“What dif—”
“Sunny!”
“I told him no!”
Ash let go of her arm and sagged into the chair. After taking a deep breath, he asked, “What did he say?”
“He asked me to think about it. I said I would, but that I wouldn’t change my mind. He didn’t seem to think I can manage the ranch, even when I told him he’d get his money. But I can manage, Ash. He will get his money.”
“It’s not the money he’s after, Sunny, it’s the ranch. You’ve got to understand that.”
“What makes you so sure?”
“I told you how he tried to call in my father’s loan?”
She nodded.
“We went to see him that day to tell him we had the money to pay it off.

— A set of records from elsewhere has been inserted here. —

(* Let $C$ be a smooth convex plane curve with no two parallel tangent lines, with associated domain $D$ and area distance $f:D\to\mathbb{R}$, and let $C(r)$ be a regular parameterization of $C$ oriented as in the context. For $p\in D$ let $C(u)$, $C(v)$, with $u=u(p)<v(p)=v$, be the extremities of the minimal chord $l(p)$. Then: (1) $\nabla f(p)=R\big(\tfrac12(C(v)-C(u))\big)$; (2) $D^2f(p)(C'(u),C'(u))=0$, $D^2f(p)(C'(v),C'(v))=0$ and $D^2f(p)(C'(u),C'(v))=[C'(v),C'(u)]$; (3) $\det(D^2f(p))=-1$.
   Context: $C$ may have $2$, $1$ or $0$ endpoints. $D$ is the plane region bounded by $C$ and by the image(s) of $C$ under the homothety of ratio $1/2$ centred at each endpoint of $C$. A chord is a segment joining two points of $C$. For $p\in D$, each chord $l$ through $p$ bounds together with $C$ a region $D_l$; $l(p)$ is the chord through $p$ minimising the area of $D_l$, and $f(p)=\tfrac12\,\mathrm{area}(D_{l(p)})$. It is known that $p$ is the midpoint of $l(p)$. The parameterization is oriented so that the region $D_{l(p)}$ lies to the left of the arc $C([u,v])$, equivalently $f(p)=\tfrac14\int_{u(p)}^{v(p)}[C(s)-p,C'(s)]\,ds$. Notation: $[X,Y]$ is the determinant of the $2\times 2$ matrix with columns $X,Y$; $R$ is the counterclockwise rotation by ninety degrees; $D^2f$ is the Hessian of $f$ viewed as a bilinear form. *)

theory Defs
  imports "HOL-Analysis.Analysis"
begin

text \<open>Plane = real \<times> real.  [X,Y] = determinant with columns X, Y; R = rotation by +90 degrees.\<close>

definition cross2 :: "real \<times> real \<Rightarrow> real \<times> real \<Rightarrow> real" where
  "cross2 X Y = fst X * snd Y - snd X * fst Y"

definition rot90 :: "real \<times> real \<Rightarrow> real \<times> real" where
  "rot90 X = (- snd X, fst X)"

definition smooth_curve :: "real set \<Rightarrow> (real \<Rightarrow> real \<times> real) \<Rightarrow> (real \<Rightarrow> real \<times> real) \<Rightarrow> bool" where
  "smooth_curve I C C' \<longleftrightarrow>
     (\<exists>Cd :: nat \<Rightarrow> real \<Rightarrow> real \<times> real. Cd 0 = C \<and> Cd 1 = C' \<and>
        (\<forall>k. \<forall>t\<in>I. (Cd k has_vector_derivative Cd (Suc k) t) (at t within I)))"

definition regular_curve :: "real set \<Rightarrow> (real \<Rightarrow> real \<times> real) \<Rightarrow> bool" where
  "regular_curve I C' \<longleftrightarrow> (\<forall>t\<in>I. C' t \<noteq> 0)"

definition convex_curve :: "real set \<Rightarrow> (real \<Rightarrow> real \<times> real) \<Rightarrow> bool" where
  "convex_curve I C \<longleftrightarrow> inj_on C I \<and> C ` I \<subseteq> frontier (convex hull (C ` I))"

text \<open>Orientation: the curve lies to the left of each of its (oriented) tangent lines,
  so that the region cut off by a chord lies to the left of the arc.\<close>
definition left_oriented :: "real set \<Rightarrow> (real \<Rightarrow> real \<times> real) \<Rightarrow> (real \<Rightarrow> real \<times> real) \<Rightarrow> bool" where
  "left_oriented I C C' \<longleftrightarrow> (\<forall>s\<in>I. \<forall>t\<in>I. cross2 (C' t) (C s - C t) \<ge> 0)"

definition no_parallel_tangents :: "real set \<Rightarrow> (real \<Rightarrow> real \<times> real) \<Rightarrow> bool" where
  "no_parallel_tangents I C' \<longleftrightarrow> (\<forall>s\<in>I. \<forall>t\<in>I. s \<noteq> t \<longrightarrow> cross2 (C' s) (C' t) \<noteq> 0)"

text \<open>Area of the region D_l cut off by the chord from C u to C v (u < v).\<close>
definition chord_area :: "(real \<Rightarrow> real \<times> real) \<Rightarrow> (real \<Rightarrow> real \<times> real) \<Rightarrow> real \<Rightarrow> real \<Rightarrow> real" where
  "chord_area C C' u v = (1/2) * integral {u..v} (\<lambda>s. cross2 (C s - C u) (C' s))"

definition chord_through :: "real set \<Rightarrow> (real \<Rightarrow> real \<times> real) \<Rightarrow> real \<times> real \<Rightarrow> real \<Rightarrow> real \<Rightarrow> bool" where
  "chord_through I C p s t \<longleftrightarrow> s \<in> I \<and> t \<in> I \<and> s < t \<and> p \<in> closed_segment (C s) (C t)"

definition area_distance :: "real set \<Rightarrow> (real \<Rightarrow> real \<times> real) \<Rightarrow> (real \<Rightarrow> real \<times> real) \<Rightarrow> real \<times> real \<Rightarrow> real" where
  "area_distance I C C' p = (1/2) * Inf {chord_area C C' s t | s t. chord_through I C p s t}"

definition minimal_chord :: "real set \<Rightarrow> (real \<Rightarrow> real \<times> real) \<Rightarrow> (real \<Rightarrow> real \<times> real) \<Rightarrow> real \<times> real \<Rightarrow> real \<Rightarrow> real \<Rightarrow> bool" where
  "minimal_chord I C C' p u v \<longleftrightarrow> chord_through I C p u v \<and>
     (\<forall>s t. chord_through I C p s t \<longrightarrow> chord_area C C' u v \<le> chord_area C C' s t)"

text \<open>The domain D: bounded by C and its images under the homotheties of ratio 1/2
  centred at the endpoints; equivalently the set of midpoints of pairs of curve points.\<close>
definition area_domain :: "real set \<Rightarrow> (real \<Rightarrow> real \<times> real) \<Rightarrow> (real \<times> real) set" where
  "area_domain I C = {(1/2) *\<^sub>R (C u + C v) | u v. u \<in> I \<and> v \<in> I \<and> u \<le> v}"

definition hess_det :: "(real \<times> real \<Rightarrow> real \<times> real) \<Rightarrow> real" where
  "hess_det H = (H (1,0) \<bullet> (1,0)) * (H (0,1) \<bullet> (0,1)) - (H (1,0) \<bullet> (0,1)) * (H (0,1) \<bullet> (1,0))"

end

theory Submission
  imports Defs
begin

text \<open>
  The chord through \<open>p\<close> having \<open>p\<close> as its midpoint is the unique minimal one. Any other chord
  through \<open>p\<close> crosses it, and the two arcs between their endpoints lie on opposite sides of \<open>p\<close>;
  reparametrising both arcs by the direction in which they are seen from \<open>p\<close>, the swept area
  grows faster along the arc farther from \<open>p\<close>, which is the one cut off by the other chord.
  Hence near \<open>p\<close> the area distance is \<open>F \<circ> M\<^sup>-\<^sup>1\<close>, where \<open>M(u,v) = (C u + C v)/2\<close> and
  \<open>F(u,v)\<close> is half the area cut off by the chord from \<open>C u\<close> to \<open>C v\<close>. The inverse function
  theorem makes \<open>M\<^sup>-\<^sup>1\<close> smooth, the identity \<open>DF = R((C v - C u)/2) \<bullet> DM\<close> gives the gradient,
  and differentiating the gradient along \<open>M\<^sup>-\<^sup>1\<close> gives the Hessian, whose values on
  \<open>C' u\<close> and \<open>C' v\<close> are read off from \<open>DM(e\<^sub>1) = C' u/2\<close> and \<open>DM(e\<^sub>2) = C' v/2\<close>.
\<close>

lemma bounded_bilinear_cross2: "bounded_bilinear cross2"
proof -
  have "bounded_bilinear (\<lambda>x y. rot90 x \<bullet> y)"
    by (rule bounded_bilinear.comp1[OF bounded_bilinear_inner])
       (auto simp: rot90_def intro!: bounded_linear_Pair bounded_linear_fst bounded_linear_snd bounded_linear_minus)
  moreover have "(\<lambda>x y. rot90 x \<bullet> y) = cross2"
    by (auto simp: fun_eq_iff rot90_def cross2_def inner_prod_def)
  ultimately show ?thesis by simp
qed

lemma cross2_simps:
  "cross2 (X + Y) Z = cross2 X Z + cross2 Y Z" "cross2 Z (X + Y) = cross2 Z X + cross2 Z Y"
  "cross2 (X - Y) Z = cross2 X Z - cross2 Y Z" "cross2 Z (X - Y) = cross2 Z X - cross2 Z Y"
  "cross2 (a *\<^sub>R X) Z = a * cross2 X Z" "cross2 Z (a *\<^sub>R X) = a * cross2 Z X"
  "cross2 (- X) Z = - cross2 X Z" "cross2 Z (- X) = - cross2 Z X"
  "cross2 X X = 0" "cross2 0 Z = 0" "cross2 Z 0 = 0"
  by (auto simp: cross2_def algebra_simps)

lemma cross2_commute: "cross2 Y X = - cross2 X Y"
  by (simp add: cross2_def)

lemma inner_rot90: "rot90 X \<bullet> Y = cross2 X Y"
  by (simp add: rot90_def cross2_def inner_prod_def)

lemma bounded_linear_rot90: "bounded_linear rot90"
  unfolding rot90_def
  by (intro bounded_linear_Pair bounded_linear_minus bounded_linear_fst bounded_linear_snd bounded_linear_ident)

lemma inner_cross2_identity: "(d \<bullet> e) * cross2 w e - (w \<bullet> e) * cross2 d e = (e \<bullet> e) * cross2 w d"
  by (simp add: cross2_def inner_prod_def algebra_simps)

lemma cross2_scaleR_identity: "cross2 a e *\<^sub>R b - cross2 b e *\<^sub>R a = cross2 a b *\<^sub>R e"
  by (simp add: cross2_def prod_eq_iff algebra_simps)

text \<open>Writing \<open>wc = k wr\<close> with \<open>k < 0\<close>, the hypotheses on \<open>d\<close> force \<open>k < -1\<close>.\<close>
lemma cross2_sq_less_on_opposite_rays:
  assumes collinear: "cross2 wr wc = 0" and r: "cross2 wr e < 0" and c: "cross2 wc e > 0"
    and d_mid: "cross2 d (- (wr + wc)) > 0" and d_c: "cross2 wc d > 0"
  shows "(cross2 wr e)\<^sup>2 < (cross2 wc e)\<^sup>2"
proof -
  have "cross2 wr e *\<^sub>R wc = cross2 wc e *\<^sub>R wr"
    using cross2_scaleR_identity[of wr e wc] collinear by simp
  hence scaled: "cross2 wr e * cross2 d wc = cross2 wc e * cross2 d wr"
    by (metis cross2_simps(6))
  have "cross2 wr e * cross2 d wc > 0"
    using r d_c by (simp add: cross2_commute[of d] mult_neg_pos)
  hence d_r: "cross2 d wr > 0" using scaled c by (simp add: zero_less_mult_iff)
  have "cross2 wr e * (cross2 d wr + cross2 d wc) > 0"
    using r d_mid by (simp add: cross2_simps mult_neg_neg)
  hence "(cross2 wr e + cross2 wc e) * cross2 d wr > 0"
    using scaled by (simp add: algebra_simps)
  hence "- cross2 wr e < cross2 wc e" using d_r by (simp add: zero_less_mult_iff)
  from power_strict_mono[OF this _, of 2] r show ?thesis by simp
qed

lemma sub_scaled_neg:
  fixes A B m :: real
  assumes "A \<le> 0" "0 \<le> B" "A < 0 \<or> 0 < B" "0 < m"
  shows "A / 2 - m * B < 0"
proof -
  have "0 \<le> m * B" "0 < B \<Longrightarrow> 0 < m * B" using assms by simp_all
  thus ?thesis using assms by linarith
qed

lemma cross2_crossing_chords:
  assumes x: "x = (1/2) *\<^sub>R (A + B)" and xm: "x = (1 - m) *\<^sub>R S + m *\<^sub>R T"
  shows "cross2 (Z - x) (A - S) = cross2 (B - A) (Z - A) / 2 - m * cross2 (T - S) (Z - S)"
    and "cross2 (Z - x) (T - B) = cross2 (B - A) (Z - A) / 2 - (1 - m) * cross2 (T - S) (Z - S)"
proof -
  have "cross2 (Z - x) (A - x) = cross2 (B - A) (Z - A) / 2" "cross2 (Z - x) (B - x) = - cross2 (B - A) (Z - A) / 2"
    unfolding x by (simp_all add: cross2_def algebra_simps)
  moreover have "cross2 (Z - x) (S - x) = m * cross2 (T - S) (Z - S)"
    "cross2 (Z - x) (T - x) = - (1 - m) * cross2 (T - S) (Z - S)"
    unfolding xm by (simp_all add: cross2_def algebra_simps)
  moreover have "cross2 (Z - x) (A - S) = cross2 (Z - x) (A - x) - cross2 (Z - x) (S - x)"
    "cross2 (Z - x) (T - B) = cross2 (Z - x) (T - x) - cross2 (Z - x) (B - x)"
    by (simp_all add: cross2_def algebra_simps)
  ultimately show "cross2 (Z - x) (A - S) = cross2 (B - A) (Z - A) / 2 - m * cross2 (T - S) (Z - S)"
    "cross2 (Z - x) (T - B) = cross2 (B - A) (Z - A) / 2 - (1 - m) * cross2 (T - S) (Z - S)"
    by (simp_all add: algebra_simps)
qed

Baxter went crazy. He didn’t want the loan paid off, he wanted the ranch.”
“But if that’s true,” she said, “why did he turn around and sell it to my father? Why not just keep it for himself if he wanted it so bad?”
“I’ve been wondering that same thing. When did your father buy it from him?”
Sunny wiped her sweating palms on her apron and started pacing. “Let’s see. We came to town right after your trial. I think Daddy made the arrangements with the bank right after you went…away.”
He said something under his breath that she didn’t quite catch. It sounded like a curse. Then, in a harsh voice, “I didn’t ‘go away,’ Sunny. I went to prison.”
She whirled to face him. “Why do you do that?” she demanded.
“Do what?”
“Constantly remind me of what you’ve done, where you’ve been.”
“Because,” he said firmly, catching her gaze so she couldn’t look away. His jaw stuck out in determination. His gaze lowered to her lips, reminding her of the kisses they shared and making her breath catch. “Sometimes I think you forget.”
“You mean like last night?”
“Last night we both forgot. I won’t let it happen again. And I won’t let you put yourself in danger again for something as stupid as a trunk,” he added.
She had to move, had to pull away from those eyes before she ended up doing something dumb like throwing herself in his lap. She wanted to do just that. She wanted to feel his strong, warm arms around her, wanted to hear his heart race the way hers was doing, wanted to feel his lips, taste them.
Instead, she stepped away and knelt before the trunk. “You won’t say it’s stupid when you see what’s inside.” After unbuckling the straps, she raised the lid. It creaked.
She pulled out a bundled quilt, sat on the floor, and opened the quilt in her lap. Inside was a beautiful wall clock. “Does this look familiar?” she asked him.
Ash frowned. “You risked being burned to a crisp for a damn clock?”
She rolled her eyes in disgust and set the clock carefully on the floor next to her. Then she pulled out another, smaller quilt. When she unfolded it she ran a loving hand over an intricately designed silver hand mirror, with a matching comb and brush.
She heard Ash gasp. “That looks like…one my mother used to have.”
She smiled at him. “It is the one your mother used to have. And so is the clock, along with everything else in here. I’m sorry I couldn’t save anything else, but I thought you might want—”
“You went into that burning barn to save my mother’s things? Sunny, why?”
She looked down and stroked a raised silver rose on the back of the mirror, a little hurt by his question. “I thought you’d be pleased.”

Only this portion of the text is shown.